- Born: 20 January 1920 Angwinnack, Ludgvan, Cornwall
- Died: 21 May 2000 (aged 80) Angwinnack, Ludgvan
- Occupation: Publisher/Businessman
- Known for: Next Century Foundation
- Partner: Patricia (nee′ Holton)
- Children: one son and two daughters

= Claud Morris =

British newspaper publisher (1920–2000)

Claud Morris (20 January 1920 – 21 May 2000) was a British newspaper owner who sought to make peace between Arabs and Israelis.

==Family and education==
Born at Angwinnack, Ludgvan, near Penzance, Cornwall, he became a junior reporter to The Cornishman at the age of nine. He had to leave school after failing the Cornwall Schools examination and went to work at nearby Collurian Farm which sold butter to Harrods. He first saw his wife while having a meal in London in the autumn of 1948. When asked who he would marry he pointed to Patricia Holton, an American writer and broadcaster, who he had never seen before and replied ″That one there″. Morris followed her to America and they married in January 1949.

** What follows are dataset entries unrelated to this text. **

(* Let Assumption (W) hold, let $S\subseteq\mathbb R^2$ be bounded and open, and let $(y_h,n_h)\subseteq H^1(\Omega;\mathbb R^3)\times H^1(\Omega_{top};\mathbb S^2)$ satisfy $\limsup_{h\to0}\mathcal E_h(y_h,n_h)<\infty$. Let $1<p<2$ be defined by $q_W=\frac{4p}{2-p}$. Then $\limsup_{h\to0}\frac1{h^2}\int_\Omega\mathrm{dist}^2(\nabla_hy_h,SO(3))<\infty$, $\limsup_{h\to0}\int_\Omega|\nabla_hy_h|^{q_W}+|\det\nabla_hy_h|^{-q_W/2}<\infty$, $\limsup_{h\to0}\int_{\Omega_{top}}|\nabla_hn_h(\nabla_hy_h)^{-1}|^2|\det\nabla_hy_h|<\infty$, and $\limsup_{h\to0}\int_{\Omega_{top}}|\nabla_hn_h|^p<\infty$. Moreover, there is $\bar h>0$ (depending on the sequence) such that $\det\nabla_hy_h>0$ a.e. in $\Omega$ for all $0<h\le\bar h$.
   Context: $\Omega:=S\times(-\frac12,\frac12)$, $\Omega_{top}:=S\times(0,\frac12)$; $x=(x',x_3)$; $\nabla_h:=(\partial_1,\partial_2,\frac1h\partial_3)$; $\mathbb S^2$ the unit sphere. Assumption (W): there are $C_W>0$, $q_W>4$ and a monotone $r_W:[0,\infty)\to[0,\infty]$ with $r_W(\delta)\to0$ as $\delta\to0$, and $W:(-\frac12,\frac12)\times\mathbb R^{3\times3}\to[0,\infty]$ Borel with, for all $x_3$: (W1) $W(x_3,RF)=W(x_3,F)$ for $R\in SO(3)$; (W2) $W(x_3,F)\ge C_W^{-1}\mathrm{dist}^2(F,SO(3))$, and $W(x_3,F)\le C_W\mathrm{dist}^2(F,SO(3))$ whenever $\mathrm{dist}^2(F,SO(3))\le1/C_W$; (W3) a quadratic form $Q(x_3,\cdot)$ with $|W(x_3,I+G)-Q(x_3,G)|\le|G|^2r_W(|G|)$; (W4) $W(x_3,F)\ge C_W^{-1}\max\{|F|^{q_W},(\det F)^{-q_W/2}\}-C_W$ if $\det F>0$, $W=+\infty$ if $\det F\le0$. 3d energy: fix $\bar\varepsilon>0$, $\bar r\in\mathbb R$; for $h>0$ with $|h\bar r|<1$, $r_h:=1+h\bar r$, $L_h(n):=r_h^{-1/3}(I+(r_h-1)n\otimes n)$ for $n\in\mathbb S^2$, and $\mathcal E_h(y,n):=\frac1{h^2}\int_{\Omega\setminus\Omega_{top}}W(x_3,\nabla_hy)dx+\frac1{h^2}\int_{\Omega_{top}}W(x_3,L_h(n)^{-1/2}\nabla_hy)dx+\bar\varepsilon^2\int_{\Omega_{top}}|\nabla_hn(\nabla_hy)^{-1}|^2\det(\nabla_hy)dx$ ($+\infty$ if $\det\nabla_hy\le0$ on a set of positive measure). *)

theory Defs
  imports "HOL-Analysis.Analysis"
begin

definition Omega :: "(real^2) set \<Rightarrow> (real^3) set" where
  "Omega S = {x. vector [x$1, x$2] \<in> S \<and> -1/2 < x$3 \<and> x$3 < 1/2}"

definition Omega_top :: "(real^2) set \<Rightarrow> (real^3) set" where
  "Omega_top S = {x. vector [x$1, x$2] \<in> S \<and> 0 < x$3 \<and> x$3 < 1/2}"

definition partial :: "(real^3 \<Rightarrow> real) \<Rightarrow> 3 \<Rightarrow> real^3 \<Rightarrow> real" where
  "partial f j x = frechet_derivative f (at x) (axis j 1)"

fun Ck :: "nat \<Rightarrow> (real^3 \<Rightarrow> real) \<Rightarrow> bool" where
  "Ck 0 f = continuous_on UNIV f"
| "Ck (Suc k) f = (f differentiable_on UNIV \<and> (\<forall>j. Ck k (partial f j)))"

definition smooth :: "(real^3 \<Rightarrow> real) \<Rightarrow> bool" where
  "smooth f = (\<forall>k. Ck k f)"

definition test_function :: "(real^3) set \<Rightarrow> (real^3 \<Rightarrow> real) \<Rightarrow> bool" where
  "test_function U \<phi> = (smooth \<phi> \<and> compact (closure {x. \<phi> x \<noteq> 0})
                         \<and> closure {x. \<phi> x \<noteq> 0} \<subseteq> U)"

definition L2_on :: "(real^3) set \<Rightarrow> (real^3 \<Rightarrow> 'b::real_normed_vector) \<Rightarrow> bool" where
  "L2_on U f = (f \<in> borel_measurable (lebesgue_on U) \<and>
                (\<integral>\<^sup>+x\<in>U. ennreal ((norm (f x))\<^sup>2) \<partial>lebesgue) < \<infinity>)"

text \<open>Convention: G x $ i $ j is the weak derivative of the i-th component w.r.t. x_j.\<close>
definition has_weak_gradient :: "(real^3) set \<Rightarrow> (real^3 \<Rightarrow> real^3) \<Rightarrow> (real^3 \<Rightarrow> real^3^3) \<Rightarrow> bool" where
  "has_weak_gradient U y G = (\<forall>\<phi>. test_function U \<phi> \<longrightarrow> (\<forall>i j.
      integral\<^sup>L (lebesgue_on U) (\<lambda>x. y x $ i * partial \<phi> j x)
      = - integral\<^sup>L (lebesgue_on U) (\<lambda>x. G x $ i $ j * \<phi> x)))"
text \<open>Write \<open>L\<^sub>v\<close> for the linear part of the barycentric coordinate of the vertex \<open>v\<close>. The cube
  vertex \<open>q\<^sub>v\<close> minimising \<open>L\<^sub>v\<close> is of the form \<open>a + \<sigma> y\<close> with \<open>y \<in> S\<close>, so
  \<open>L\<^sub>v q\<^sub>v \<ge> L\<^sub>v a - \<sigma> \<lambda>\<^sub>v(0)\<close>; summing over \<open>v\<close> gives \<open>-\<sigma> \<le> \<Sum>\<^sub>i \<Sum>\<^sub>v min (L\<^sub>v e\<^sub>i) 0 \<le> -n\<close>.\<close>
lemma dim_le_scale_if_unit_cube_in_simplex:
  fixes V :: "(real ^ 'n) set"
  assumes "simplex_frame V" "convex hull V \<subseteq> unit_cube" "\<sigma> > 0"
    and "unit_cube \<subseteq> (\<lambda>x. a + \<sigma> *\<^sub>R x) ` (convex hull V)"
  shows "real CARD('n) \<le> \<sigma>"
proof -
  interpret simplex_frame V by fact
  define L where "L v x = barycentric V x v - barycentric V 0 v" for v x
  define d where "d v i = L v (axis i 1)" for v i
  have corner: "L v a - \<sigma> * barycentric V 0 v \<le> (\<Sum>i\<in>UNIV. min (d v i) 0)" if "v \<in> V" for v
  proof -
    have lin: "linear (L v)"
      unfolding L_def by (rule linear_barycentric[OF that])
    define q where "q = (\<chi> i. if d v i < 0 then 1 else (0 :: real))"
    have "q \<in> unit_cube"
      by (simp add: q_def unit_cube_def)
    then obtain y where y: "y \<in> convex hull V" "q = a + \<sigma> *\<^sub>R y"
      using assms(4) by auto
    have "L v q = L v a + \<sigma> * L v y"
      using linear_add[OF lin, of a "\<sigma> *\<^sub>R y"] linear_scale[OF lin, of \<sigma> y] y(2) by simp
    moreover have "L v q = L v (\<Sum>i\<in>UNIV. q $ i *\<^sub>R axis i 1)"
      using basis_expansion[of q] by (simp add: scalar_mult_eq_scaleR)
    then have "L v q = (\<Sum>i\<in>UNIV. q $ i * d v i)"
      by (simp add: linear_sum[OF lin] linear_scale[OF lin] d_def o_def)
    then have "L v q = (\<Sum>i\<in>UNIV. min (d v i) 0)"
      by (auto simp: q_def intro!: sum.cong)
    moreover have "0 \<le> barycentric V y v"
      using y(1) that by (simp add: convex_hull_frame)
    ultimately show ?thesis
      using assms(3) by (simp add: L_def algebra_simps)
  qed
  have "- \<sigma> = (\<Sum>v\<in>V. L v a - \<sigma> * barycentric V 0 v)"
    by (simp add: L_def sum_subtractf barycentric_sum flip: sum_distrib_left)
  also have "\<dots> \<le> (\<Sum>v\<in>V. \<Sum>i\<in>UNIV. min (d v i) 0)"
    by (rule sum_mono) (rule corner)
  also have "\<dots> = (\<Sum>i\<in>UNIV. \<Sum>v\<in>V. min (d v i) 0)"
    by (rule sum.swap)
  also have "\<dots> \<le> (\<Sum>i\<in>(UNIV :: 'n set). -1)"
    using sum_min_barycentric_axis_le[OF assms(1) subset_trans[OF hull_subset assms(2)]]
    by (intro sum_mono) (simp add: d_def L_def)
  finally show ?thesis
    by simp
qed
(* Let $z,w>0$ be such that $\mathrm{DAG}(z,w)<\infty$, let $G$ be a random labelled DAG drawn from the Boltzmann model with parameters $(z,w)$, and let $N_1,N_2$ be the sizes of the first two layers of its root-layering ($N_2=0$ if there is only one layer or none). Then for every integer $n_1\ge1$ with $\mathbb P_{z,w}[N_1=n_1]>0$ and every integer $n_2\ge0$, \[\mathbb P_{z,w}[N_2=n_2\mid N_1=n_1]=\frac{\left((1-(1+w)^{-n_1})z\right)^{n_2}}{(1+w)^{\binom{n_2}2}n_2!}\cdot\frac{\mathrm{Set}(-(1+w)^{-n_2}z,w)}{\mathrm{Set}(-(1+w)^{-n_1}z,w)}.\] (By the time-homogeneity of the layer-size chain, this also gives $\mathbb P_{z,w}[N_{k+1}=n_2\mid N_k=n_1]$ for every $k\ge1$.)
   Context: $\mathrm{Set}(z,w)=\sum_{n\ge0}\frac{z^n}{(1+w)^{\binom n2}n!}$. A labelled DAG with $n$ vertices is a directed acyclic graph on vertex set $\{1,\dots,n\}$; $v(G)$, $e(G)$ denote its numbers of vertices and edges; a source is a vertex of in-degree $0$. $\mathrm{DAG}(z,w)=\sum_G \frac{z^{v(G)}w^{e(G)}}{(1+w)^{\binom{v(G)}{2}}v(G)!}$ over all labelled DAGs. The Boltzmann model with parameters $(z,w)$ assigns probability $\frac{z^{v(G)}w^{e(G)}}{(1+w)^{\binom{v(G)}{2}}v(G)!\,\mathrm{DAG}(z,w)}$ to each labelled DAG $G$. The root-layering of a DAG $G=(V,E)$ is the ordered partition $(V_1,\dots,V_k)$ of $V$ where $V_i$ is the set of sources of the graph obtained from $G$ by deleting $V_1\cup\dots\cup V_{i-1}$; $N_i=|V_i|$. *)

theory Defs
  imports Complex_Main
begin

definition is_dag :: "nat \<Rightarrow> (nat \<times> nat) set \<Rightarrow> bool" where
  "is_dag n E \<longleftrightarrow> E \<subseteq> {1..n} \<times> {1..n} \<and> acyclic E"
lemma constant_on_basic_sets_imp_sum_int_sset:
  assumes "constant_on_basic_sets a"
  shows "\<exists>c. a = (\<Sum>E\<in>basic_set ` Poly_Mapping.keys a. of_int (c E) * int_sset E)"
proof -
  have const: "Poly_Mapping.lookup a h = Poly_Mapping.lookup a g" if "h \<in> basic_set g" for g h
    using assms that unfolding constant_on_basic_sets_def by blast
  define c where "c E = Poly_Mapping.lookup a (SOME g. g \<in> E)" for E
  have c_basic_set: "c (basic_set g) = Poly_Mapping.lookup a g" for g
  proof -
    have "(SOME h. h \<in> basic_set g) \<in> basic_set g"
      by (rule someI[of "\<lambda>h. h \<in> basic_set g"]) (rule mem_basic_set)
    then show ?thesis unfolding c_def by (rule const)
  qed
  have image_keys:
    "basic_set k \<in> basic_set ` Poly_Mapping.keys a \<longleftrightarrow> k \<in> Poly_Mapping.keys a" for k
  proof
    assume "basic_set k \<in> basic_set ` Poly_Mapping.keys a"
    then obtain g where "g \<in> Poly_Mapping.keys a" "k \<in> basic_set g"
      using basic_set_eq_iff by blast
    then show "k \<in> Poly_Mapping.keys a" using const by (simp add: in_keys_iff)
  qed blast
  have "Poly_Mapping.lookup (\<Sum>E\<in>basic_set ` Poly_Mapping.keys a. of_int (c E) * int_sset E) k
      = Poly_Mapping.lookup a k" for k
  proof -
    have "Poly_Mapping.lookup (\<Sum>E\<in>basic_set ` Poly_Mapping.keys a. of_int (c E) * int_sset E) k
        = (\<Sum>E\<in>basic_set ` Poly_Mapping.keys a. if E = basic_set k then c E else 0)"
      unfolding lookup_sum lookup_of_int_mult
    proof (intro sum.cong refl)
      fix E assume "E \<in> basic_set ` Poly_Mapping.keys a"
      then obtain g where "E = basic_set g" by blast
      then have "k \<in> E \<longleftrightarrow> E = basic_set k" using basic_set_eq_iff by auto
      then show "c E * Poly_Mapping.lookup (int_sset E) k
          = (if E = basic_set k then c E else 0)"
        using \<open>E = basic_set g\<close> by (simp add: lookup_int_sset finite_basic_set sset_def)
    qed
    also have "\<dots> = Poly_Mapping.lookup a k"
      using image_keys[of k] c_basic_set[of k] by (simp add: in_keys_iff)
    finally show ?thesis .
  qed
  then have "a = (\<Sum>E\<in>basic_set ` Poly_Mapping.keys a. of_int (c E) * int_sset E)"
    by (intro poly_mapping_eqI) simp
  then show ?thesis by blast
qed

lemma constant_on_basic_sets_mult:
  assumes "constant_on_basic_sets a" "constant_on_basic_sets b"
  shows "constant_on_basic_sets (a * b)"
proof -
  obtain c d
    where "a = (\<Sum>E\<in>basic_set ` Poly_Mapping.keys a. of_int (c E) * int_sset E)"
      and "b = (\<Sum>E\<in>basic_set ` Poly_Mapping.keys b. of_int (d E) * int_sset E)"
    using assms constant_on_basic_sets_imp_sum_int_sset by blast
  then have "a * b = (\<Sum>E\<in>basic_set ` Poly_Mapping.keys a. of_int (c E) * int_sset E)
      * (\<Sum>E\<in>basic_set ` Poly_Mapping.keys b. of_int (d E) * int_sset E)"
    by (rule arg_cong2)
  also have "\<dots> = (\<Sum>E\<in>basic_set ` Poly_Mapping.keys a. \<Sum>E'\<in>basic_set ` Poly_Mapping.keys b.
      of_int (c E * d E') * (int_sset E * int_sset E'))"
    by (simp add: sum_product algebra_simps)
  finally show ?thesis
    by (auto simp del: of_int_mult
        intro!: constant_on_basic_sets_sum constant_on_basic_sets_of_int_mult
        constant_on_basic_sets_int_sset_mult basic_set_in_D)
qed

lemma constant_on_basic_sets_int_sset_power:
  "E \<in> D \<Longrightarrow> constant_on_basic_sets (int_sset E ^ n)"
  by (induction n)
    (simp_all add: constant_on_basic_sets_one constant_on_basic_sets_mult
      constant_on_basic_sets_int_sset)

lemma basic_set_mult_prime:
  assumes "prime p"
  shows "basic_set (int p * m) \<subseteq> (*) (int p) ` basic_set m"
proof
  fix x assume x: "x \<in> basic_set (int p * m)"
  let ?a = "Poly_Mapping.lookup (int_sset (basic_set m) ^ p)"
    and ?pC = "(*) (int p) ` basic_set m"
  have "?a x = ?a (int p * m)"
    using constant_on_basic_sets_int_sset_power[OF basic_set_in_D] x
    unfolding constant_on_basic_sets_def by blast
  moreover have "int p * m \<in> ?pC" using mem_basic_set by blast
  then have "sset ?pC (int p * m) = (1::int)" by (simp add: sset_def)
  moreover have "int p dvd (?a (int p * m) - sset ?pC (int p * m)) - (?a x - sset ?pC x)"
    by (intro dvd_diff prime_dvd_lookup_int_sset_power[OF assms finite_basic_set])
  ultimately have "int p dvd sset ?pC x - 1" by simp
  moreover have "\<not> int p dvd -1"
    using assms not_prime_1 by auto
  ultimately show "x \<in> ?pC" by (auto simp: sset_def split: if_splits)
qed

lemma prime_dvd_mem_basic_set:
  assumes "prime p" "int p dvd n" "x \<in> basic_set n"
  shows "int p dvd x"
proof -
  obtain m where "n = int p * m" using assms(2) by (rule dvdE)
  then obtain w where "x = int p * w"
    using basic_set_mult_prime[OF assms(1), of m] assms(3) by blast
  then show ?thesis by simp
qed
theorem rcosets_presented_A2:
  defines "G \<equiv> presented_group S (relators_on n S)"
    and "H \<equiv> generate (presented_group S (relators_on n S)) ((\<lambda>z. word_elt (relators_on n S) [z]) ` (S - {Yg n}))"
  shows "rcosets\<^bsub>G\<^esub> H =
    {H} \<union> {H #>\<^bsub>G\<^esub> word_elt (relators_on n S) (coset_word n k eps) | k eps. K \<le> k \<and> k \<le> n}"
    (is "_ = ?R")
proof -
  have T: "S - {Yg n} \<subseteq> S" by blast
  have H_rep: "H #>\<^bsub>G\<^esub> word_elt (relators_on n S) w = H #>\<^bsub>G\<^esub> word_elt (relators_on n S) (coset_rep e k)"
    if "w \<equiv>\<^sub>H coset_rep e k" for w e k
    using rcoset_eq_if_same_rcoset[OF T that] unfolding G_def H_def .
  have H_one: "H #>\<^bsub>G\<^esub> word_elt (relators_on n S) [] = H"
    using rcoset_word_elt[OF T, of "[]"] generate_letters[OF T] unfolding G_def H_def by simp
  show ?thesis
  proof (intro equalityI subsetI)
    fix C assume "C \<in> rcosets\<^bsub>G\<^esub> H"
    then obtain w where C: "C = H #>\<^bsub>G\<^esub> word_elt (relators_on n S) w" and w: "set w \<subseteq> S"
      unfolding RCOSETS_def G_def carrier_presented_group by auto
    obtain e k where k: "K \<le> k" "k \<le> Suc n" and "w \<equiv>\<^sub>H coset_rep e k"
      using has_coset_rep_word[OF w] by (auto simp: has_coset_rep_def)
    then have "C = H #>\<^bsub>G\<^esub> word_elt (relators_on n S) (coset_rep e k)" using C H_rep by simp
    then show "C \<in> ?R"
      using k H_one by (cases "k = Suc n") (auto simp: coset_word_eq_blocks)
  next
    fix C assume "C \<in> ?R"
    then consider "C = H"
      | k eps where "C = H #>\<^bsub>G\<^esub> word_elt (relators_on n S) (coset_word n k eps)" "K \<le> k" "k \<le> n"
      by blast
    moreover have "H #>\<^bsub>G\<^esub> word_elt (relators_on n S) w \<in> rcosets\<^bsub>G\<^esub> H" if "set w \<subseteq> S" for w
      using that unfolding RCOSETS_def G_def carrier_presented_group by auto
    ultimately show "C \<in> rcosets\<^bsub>G\<^esub> H"
      using H_one blocks_letters by cases (metis empty_subsetI set_empty, simp add: coset_word_eq_blocks)
  qed
qed
(* Let $G$ be a tree on $n$ vertices $1,2,\ldots,n$ with edges $e_1,\ldots,e_{n-1}$ and incidence matrix $M$, and let $S=M^TM$ be its signless edge-Laplacian. Then the Moore-Penrose inverse $S^+=[s^+_{i,j}]$ of $S$ is given by $$s^+_{i,j}=\frac{(-1)^{d(e_i,e_j)}}{n}\begin{cases}|G_H(e_i)|\,|G_T(e_i)| & \text{if } e_i=e_j,\\ -|G[e_i,e_j)|\,|G(e_i,e_j]| & \text{if } e_i\neq e_j.\end{cases}$$
   Context: The incidence matrix $M$ is the $n\times(n-1)$ matrix with $(i,j)$-entry $1$ if vertex $i$ is incident with edge $e_j$ and $0$ otherwise. Each edge is written $e_i=\{l_i,m_i\}$ with $l_i<m_i$. The head component $G_H(e_i)$ is the component of $G\setminus e_i$ containing $m_i$ and the tail component $G_T(e_i)$ the one containing $l_i$; $|X|$ is the number of vertices of $X$. For a vertex $j$ and edge $e_i=\{l_i,m_i\}$, $d(j,e_i)=d(e_i,j):=\min\{d(j,l_i),d(j,m_i)\}$ (graph distance), and for edges $d(e_i,e_k):=\min\{d(l_i,e_k),d(m_i,e_k)\}$. For distinct edges $e_i,e_j$, $G\setminus\{e_i,e_j\}$ has three components: $G[e_i,e_j)$ is the component containing an endpoint of $e_i$ but no endpoint of $e_j$, and $G(e_i,e_j]$ is the component containing an endpoint of $e_j$ but no endpoint of $e_i$. The Moore-Penrose inverse of a real matrix $A$ is the unique $A^+$ with $AA^+A=A$, $A^+AA^+=A^+$, $(AA^+)^T=AA^+$, $(A^+A)^T=A^+A$. *)

theory Defs
  imports "Jordan_Normal_Form.Matrix"
begin

text \<open>A graph on vertices 0..<n with edges indexed by 0..<n-1; edge i is the pair
 (l i, m i) = e i with l i < m i.  Vertex k here corresponds to vertex k+1 in the paper,
 edge index i to edge e_(i+1).\<close>

definition ends :: "(nat \<Rightarrow> nat \<times> nat) \<Rightarrow> nat \<Rightarrow> nat set" where
  "ends e i = {fst (e i), snd (e i)}"

definition adj_wo :: "nat \<Rightarrow> (nat \<Rightarrow> nat \<times> nat) \<Rightarrow> nat set \<Rightarrow> nat \<Rightarrow> nat \<Rightarrow> bool" where
  "adj_wo n e X u v = (\<exists>i<n-1. i \<notin> X \<and> ends e i = {u, v})"

definition connected_wo :: "nat \<Rightarrow> (nat \<Rightarrow> nat \<times> nat) \<Rightarrow> nat set \<Rightarrow> nat \<Rightarrow> nat \<Rightarrow> bool" where
  "connected_wo n e X u v = (adj_wo n e X)\<^sup>*\<^sup>* u v"

definition comp_wo :: "nat \<Rightarrow> (nat \<Rightarrow> nat \<times> nat) \<Rightarrow> nat set \<Rightarrow> nat \<Rightarrow> nat set" where
  "comp_wo n e X v = {u. u < n \<and> connected_wo n e X v u}"

text \<open>Tree: simple graph (edges with l < m, pairwise distinct, endpoints among the
 vertices), connected, and acyclic (no edge lies on a cycle, i.e. removing any edge
 disconnects its endpoints).\<close>
definition is_tree :: "nat \<Rightarrow> (nat \<Rightarrow> nat \<times> nat) \<Rightarrow> bool" where
  "is_tree n e =
    ((\<forall>i<n-1. fst (e i) < snd (e i) \<and> snd (e i) < n) \<and>
     (\<forall>i<n-1. \<forall>j<n-1. e i = e j \<longrightarrow> i = j) \<and>
     (\<forall>u<n. \<forall>v<n. connected_wo n e {} u v) \<and>
     (\<forall>i<n-1. \<not> connected_wo n e {i} (fst (e i)) (snd (e i))))"

definition gdist :: "nat \<Rightarrow> (nat \<Rightarrow> nat \<times> nat) \<Rightarrow> nat \<Rightarrow> nat \<Rightarrow> nat" where
  "gdist n e u v = (LEAST k. (adj_wo n e {} ^^ k) u v)"

definition vdist_edge :: "nat \<Rightarrow> (nat \<Rightarrow> nat \<times> nat) \<Rightarrow> nat \<Rightarrow> nat \<Rightarrow> nat" where
  "vdist_edge n e v i = min (gdist n e v (fst (e i))) (gdist n e v (snd (e i)))"

definition edist :: "nat \<Rightarrow> (nat \<Rightarrow> nat \<times> nat) \<Rightarrow> nat \<Rightarrow> nat \<Rightarrow> nat" where
  "edist n e i k = min (vdist_edge n e (fst (e i)) k) (vdist_edge n e (snd (e i)) k)"

definition head_comp :: "nat \<Rightarrow> (nat \<Rightarrow> nat \<times> nat) \<Rightarrow> nat \<Rightarrow> nat set" where
  "head_comp n e i = comp_wo n e {i} (snd (e i))"

definition tail_comp :: "nat \<Rightarrow> (nat \<Rightarrow> nat \<times> nat) \<Rightarrow> nat \<Rightarrow> nat set" where
  "tail_comp n e i = comp_wo n e {i} (fst (e i))"

text \<open>G[e_i,e_j): the component of G minus {e_i,e_j} containing an endpoint of e_i
 but no endpoint of e_j.  (G(e_i,e_j] is between_comp n e j i.)\<close>
definition between_comp :: "nat \<Rightarrow> (nat \<Rightarrow> nat \<times> nat) \<Rightarrow> nat \<Rightarrow> nat \<Rightarrow> nat set" where
  "between_comp n e i j =
    (THE C. \<exists>x\<in>ends e i. C = comp_wo n e {i, j} x \<and> C \<inter> ends e j = {})"

definition incidence_mat :: "nat \<Rightarrow> (nat \<Rightarrow> nat \<times> nat) \<Rightarrow> real mat" where
  "incidence_mat n e = mat n (n-1) (\<lambda>(v, i). if v \<in> ends e i then 1 else 0)"

definition moore_penrose :: "real mat \<Rightarrow> real mat \<Rightarrow> bool" where
  "moore_penrose A B =
    (B \<in> carrier_mat (dim_col A) (dim_row A) \<and> A * B * A = A \<and> B * A * B = B \<and>
     transpose_mat (A * B) = A * B \<and> transpose_mat (B * A) = B * A)"

definition mp_inverse :: "real mat \<Rightarrow> real mat" where
  "mp_inverse A = (THE B. moore_penrose A B)"

end

theory Submission
  imports Defs "Jordan_Normal_Form.Determinant"
begin

text \<open>Colour each vertex v by vsign v = (-1)^(depth of v below vertex 0), so that
  N = diag(vsign) M is the incidence matrix of an orientation of the tree and S = N^T N.
  Fix an edge e_k and let q_k be the vector equal to vsign(l_k) |G_H(e_k)| / n on G_T(e_k) and
  to -vsign(l_k) |G_T(e_k)| / n on G_H(e_k).  Then N^T q_k is the k-th unit vector, and since
  q_k has zero sum and the tree is connected, q_k = N c for some c.  Summing N c over a vertex
  set that meets e_j in one endpoint and is closed under all other edges picks out c_j; choosing
  for this set a component of G - {e_j, e_k} on which q_k is constant, one reads off that c_j is
  the claimed (j, k) entry.  Hence S times the claimed matrix is the identity, so S is
  invertible and the claimed matrix is S^{-1} = S^+.\<close>

lemma relpowp_leaves_set:
  assumes "(R ^^ L) x y" "x \<in> Y" "y \<notin> Y"
  shows "\<exists>i a b. i < L \<and> (R ^^ i) x a \<and> a \<in> Y \<and> R a b \<and> b \<notin> Y \<and>
    (R ^^ (L - Suc i)) b y"
  using assms
proof (induction L arbitrary: x)
  case 0
  then show ?case by auto
next
  case (Suc L)
  from relpowp_Suc_D2[OF Suc.prems(1)] obtain z where z: "R x z" "(R ^^ L) z y" by blast
  show ?case
  proof (cases "z \<in> Y")
    case True
    from Suc.IH[OF z(2) True Suc.prems(3)] obtain i a b where
      h: "i < L" "(R ^^ i) z a" "a \<in> Y" "R a b" "b \<notin> Y" "(R ^^ (L - Suc i)) b y" by blast
    have "(R ^^ Suc i) x a" using z(1) h(2) by (rule relpowp_Suc_I2)
    then show ?thesis using h by (intro exI[of _ "Suc i"]) auto
  next
    case False
    then show ?thesis using z Suc.prems by (intro exI[of _ 0]) auto
  qed
qed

He died in the cottage he was born in, after a series of strokes and survived by his wife, a son, William and two daughters.

==Career==
Leaving Collurian he worked as a porter at Penzance railway station for the Great Western Railway and with the free pass, that was part of his entitlement, he travelled to London to search for a post as a journalist. He landed his first job with The Dairy Farmer and later Farmers Weekly. He travelled to the West Indies in 1939 and Canada where he joined the Canadian Army at the outbreak of World War II, but was invalided out in 1941. Back in Britain, he started as a sub-editor on the Daily Express, and later as a personal assistant to Manny Shinwell, a Labour MP, writing speeches for members of the party. In 1949 he became political columnist for the Daily Mirror, and unsuccessfully standing as a Labour party candidate for Bristol West in 1950 and 1951.

In 1952, he bought a small South Wales newspaper, more than doubling its circulation in three years. He soon established himself as an independent publisher specialising in niche markets. Titles included the Voice of Malta, Ashanti Pioneer, Pilot (Nigeria). He published Welsh Nationalist Gwynfor Evans’s Welsh Nation and the successful South Wales Voice. In 1966 he tried to outbid Roy Thomson in an unsuccessful attempt to buy The Times. For a short time he published Free Palestine, discovering later that it was funded by the PLO.

In 1970 he was approached by Christopher Mayhew MP, who had just received £50,000 from the Sheikh Zayed of the UAE to publish a new magazine Middle East International (MEI). Morris agreed to be the publisher and became a Board member with a 40% stake. After Mayhew vetoed an article by Morris he published it in one of his own newspapers, the South Wales Magazine. There followed a successful campaign partly orchestrated by the Jewish Chronicle to get advertisers to boycott his newspapers. His printing press in South ًWales was destroyed in an unsolved arson attack. Free Palestine withdrew its contract; a key member of his administrative staff resigned and his senior foreman had a stroke. Despite a £20,000 donation from the Kuwaiti Ambassador to restore the press the business never recovered and MEI moved to a different publisher with Morris eventually severing relations.

In his autobiography Morris records that at this time he was approached by Jon Kimche, Middle East correspondent for the Evening Standard, suggesting a merger of MEI with Kimche’s New Middle East.

Morris founded another newspaper, Voice of the Arab World. He worked for the Libyan government with a weekly page in Al Fajr al Jadeed, producing a newsletter covering Libyan achievements as well as translating the Government ARNA output. He was also a contributor to the Emirate News and wrote a biography of Sheikh Zayed.

By the late 1980s, Morris had become convinced of the need to find a peaceful solution to the Arab-Israeli conflict, and in 1989 helped establish the Next Century Foundation

He wrote a two-volume autobiography -I Bought a Newspaper (1963) and The Last Inch: a Middle East Odyssey (1997).